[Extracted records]
--*--

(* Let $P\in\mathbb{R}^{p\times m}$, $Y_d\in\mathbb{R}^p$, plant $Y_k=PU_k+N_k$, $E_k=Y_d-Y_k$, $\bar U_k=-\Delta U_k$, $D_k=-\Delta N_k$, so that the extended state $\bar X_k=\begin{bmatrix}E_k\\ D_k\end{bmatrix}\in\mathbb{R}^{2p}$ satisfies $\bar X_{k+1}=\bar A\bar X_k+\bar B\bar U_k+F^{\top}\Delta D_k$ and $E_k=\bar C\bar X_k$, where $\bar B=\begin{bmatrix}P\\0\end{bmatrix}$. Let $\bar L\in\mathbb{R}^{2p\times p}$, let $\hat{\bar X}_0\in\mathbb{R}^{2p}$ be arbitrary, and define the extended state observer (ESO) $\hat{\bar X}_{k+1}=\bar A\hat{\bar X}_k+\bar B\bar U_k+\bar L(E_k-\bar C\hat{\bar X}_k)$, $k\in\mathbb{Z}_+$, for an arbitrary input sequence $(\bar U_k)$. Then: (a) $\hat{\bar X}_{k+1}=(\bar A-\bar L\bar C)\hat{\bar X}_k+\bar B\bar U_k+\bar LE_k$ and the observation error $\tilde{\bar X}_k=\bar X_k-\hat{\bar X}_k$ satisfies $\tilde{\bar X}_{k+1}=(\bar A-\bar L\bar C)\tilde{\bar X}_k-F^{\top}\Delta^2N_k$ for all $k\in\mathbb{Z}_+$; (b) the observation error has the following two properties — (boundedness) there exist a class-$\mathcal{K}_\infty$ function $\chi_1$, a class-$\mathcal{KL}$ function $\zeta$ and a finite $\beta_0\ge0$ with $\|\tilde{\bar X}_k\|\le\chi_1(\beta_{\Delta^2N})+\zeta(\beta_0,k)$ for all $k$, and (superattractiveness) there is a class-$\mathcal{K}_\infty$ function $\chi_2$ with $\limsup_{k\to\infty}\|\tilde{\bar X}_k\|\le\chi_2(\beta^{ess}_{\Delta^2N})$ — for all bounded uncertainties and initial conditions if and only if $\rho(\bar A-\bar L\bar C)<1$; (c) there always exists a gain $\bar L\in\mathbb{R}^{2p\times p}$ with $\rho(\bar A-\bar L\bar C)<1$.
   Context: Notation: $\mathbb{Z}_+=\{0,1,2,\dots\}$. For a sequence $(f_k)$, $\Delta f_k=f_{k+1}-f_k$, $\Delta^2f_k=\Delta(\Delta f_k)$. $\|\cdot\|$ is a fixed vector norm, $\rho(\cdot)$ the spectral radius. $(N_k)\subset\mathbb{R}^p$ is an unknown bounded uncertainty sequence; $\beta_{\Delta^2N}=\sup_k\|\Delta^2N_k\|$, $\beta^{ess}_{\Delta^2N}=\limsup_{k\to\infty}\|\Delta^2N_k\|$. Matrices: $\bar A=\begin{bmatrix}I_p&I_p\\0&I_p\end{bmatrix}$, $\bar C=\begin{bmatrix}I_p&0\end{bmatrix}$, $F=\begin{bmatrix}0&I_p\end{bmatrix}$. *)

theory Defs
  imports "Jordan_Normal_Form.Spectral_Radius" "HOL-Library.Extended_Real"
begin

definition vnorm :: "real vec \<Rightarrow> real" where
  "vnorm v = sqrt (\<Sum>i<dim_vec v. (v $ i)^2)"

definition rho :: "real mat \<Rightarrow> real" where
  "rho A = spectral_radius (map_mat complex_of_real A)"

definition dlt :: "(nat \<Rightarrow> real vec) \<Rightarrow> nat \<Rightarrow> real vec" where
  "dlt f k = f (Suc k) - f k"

--*--

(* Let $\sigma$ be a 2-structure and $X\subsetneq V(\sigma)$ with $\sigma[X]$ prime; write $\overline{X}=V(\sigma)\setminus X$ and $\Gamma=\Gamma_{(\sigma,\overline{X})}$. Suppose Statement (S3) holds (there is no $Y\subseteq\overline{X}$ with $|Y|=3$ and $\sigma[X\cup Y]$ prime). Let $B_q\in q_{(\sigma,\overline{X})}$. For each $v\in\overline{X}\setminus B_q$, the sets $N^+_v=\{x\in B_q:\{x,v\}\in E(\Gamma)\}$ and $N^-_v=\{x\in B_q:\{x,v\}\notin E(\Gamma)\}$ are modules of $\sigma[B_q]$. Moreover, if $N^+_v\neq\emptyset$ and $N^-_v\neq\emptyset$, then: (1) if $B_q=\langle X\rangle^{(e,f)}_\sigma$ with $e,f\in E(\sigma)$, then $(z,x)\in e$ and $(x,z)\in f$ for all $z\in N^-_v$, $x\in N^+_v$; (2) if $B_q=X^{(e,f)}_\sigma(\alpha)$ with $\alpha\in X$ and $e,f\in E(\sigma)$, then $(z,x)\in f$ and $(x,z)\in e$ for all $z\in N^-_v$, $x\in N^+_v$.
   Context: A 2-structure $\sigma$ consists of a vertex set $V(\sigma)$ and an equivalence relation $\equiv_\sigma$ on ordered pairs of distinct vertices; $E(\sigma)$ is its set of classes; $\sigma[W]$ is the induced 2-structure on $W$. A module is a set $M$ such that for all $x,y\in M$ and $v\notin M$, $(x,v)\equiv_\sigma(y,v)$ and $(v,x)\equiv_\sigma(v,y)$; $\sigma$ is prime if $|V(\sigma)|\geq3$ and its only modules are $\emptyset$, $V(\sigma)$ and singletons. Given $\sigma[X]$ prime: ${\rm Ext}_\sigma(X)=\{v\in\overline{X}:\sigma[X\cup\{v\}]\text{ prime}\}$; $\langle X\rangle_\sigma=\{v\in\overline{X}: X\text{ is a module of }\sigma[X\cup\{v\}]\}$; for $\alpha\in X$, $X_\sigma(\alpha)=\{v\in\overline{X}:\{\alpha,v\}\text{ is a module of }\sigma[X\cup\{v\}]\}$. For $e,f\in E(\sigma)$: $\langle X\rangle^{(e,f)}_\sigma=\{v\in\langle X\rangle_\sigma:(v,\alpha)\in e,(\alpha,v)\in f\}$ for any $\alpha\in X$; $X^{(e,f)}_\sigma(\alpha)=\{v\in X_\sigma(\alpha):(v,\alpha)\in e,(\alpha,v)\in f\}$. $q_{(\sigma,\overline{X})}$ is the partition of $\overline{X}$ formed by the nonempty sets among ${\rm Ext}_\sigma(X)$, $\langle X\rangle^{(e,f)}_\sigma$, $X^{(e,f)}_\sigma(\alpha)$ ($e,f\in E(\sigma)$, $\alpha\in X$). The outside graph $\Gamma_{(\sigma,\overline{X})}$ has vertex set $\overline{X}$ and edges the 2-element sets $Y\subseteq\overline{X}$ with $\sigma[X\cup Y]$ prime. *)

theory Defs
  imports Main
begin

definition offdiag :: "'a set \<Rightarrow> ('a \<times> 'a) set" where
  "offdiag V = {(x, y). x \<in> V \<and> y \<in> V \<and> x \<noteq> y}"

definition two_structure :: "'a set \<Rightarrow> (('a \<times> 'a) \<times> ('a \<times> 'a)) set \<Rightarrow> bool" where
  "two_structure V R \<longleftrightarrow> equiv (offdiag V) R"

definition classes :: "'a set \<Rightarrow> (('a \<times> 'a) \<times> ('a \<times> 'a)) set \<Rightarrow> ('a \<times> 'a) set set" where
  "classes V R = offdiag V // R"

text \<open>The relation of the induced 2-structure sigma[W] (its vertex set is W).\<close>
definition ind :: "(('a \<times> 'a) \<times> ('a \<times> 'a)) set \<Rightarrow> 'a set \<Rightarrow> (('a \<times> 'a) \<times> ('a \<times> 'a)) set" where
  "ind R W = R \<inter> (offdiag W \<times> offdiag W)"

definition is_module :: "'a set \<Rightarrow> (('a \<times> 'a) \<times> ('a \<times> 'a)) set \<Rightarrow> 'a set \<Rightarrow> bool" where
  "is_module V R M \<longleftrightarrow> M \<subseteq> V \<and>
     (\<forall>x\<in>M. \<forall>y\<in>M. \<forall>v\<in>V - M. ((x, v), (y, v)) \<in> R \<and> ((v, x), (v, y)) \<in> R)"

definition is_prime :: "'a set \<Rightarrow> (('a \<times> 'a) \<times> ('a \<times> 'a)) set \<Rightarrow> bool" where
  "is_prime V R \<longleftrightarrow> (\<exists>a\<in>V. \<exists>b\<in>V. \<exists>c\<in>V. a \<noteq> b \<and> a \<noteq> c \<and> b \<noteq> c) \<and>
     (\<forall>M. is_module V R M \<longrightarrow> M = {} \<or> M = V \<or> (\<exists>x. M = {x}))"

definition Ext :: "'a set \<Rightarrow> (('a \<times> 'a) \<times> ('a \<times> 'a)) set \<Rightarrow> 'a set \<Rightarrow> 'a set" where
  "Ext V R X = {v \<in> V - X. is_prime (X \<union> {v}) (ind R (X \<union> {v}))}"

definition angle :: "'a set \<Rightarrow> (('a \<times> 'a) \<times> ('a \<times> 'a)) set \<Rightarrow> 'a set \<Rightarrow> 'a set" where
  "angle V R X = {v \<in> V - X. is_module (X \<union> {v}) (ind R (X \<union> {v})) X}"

--*--

- **INSTRUCTIONS TO FOLLOW**:
Copy out every line in the entries above that holds "noteq".

- **EXERCISE ANSWER**:
  "offdiag V = {(x, y). x \<in> V \<and> y \<in> V \<and> x \<noteq> y}"
  "is_prime V R \<longleftrightarrow> (\<exists>a\<in>V. \<exists>b\<in>V. \<exists>c\<in>V. a \<noteq> b \<and> a \<noteq> c \<and> b \<noteq> c) \<and>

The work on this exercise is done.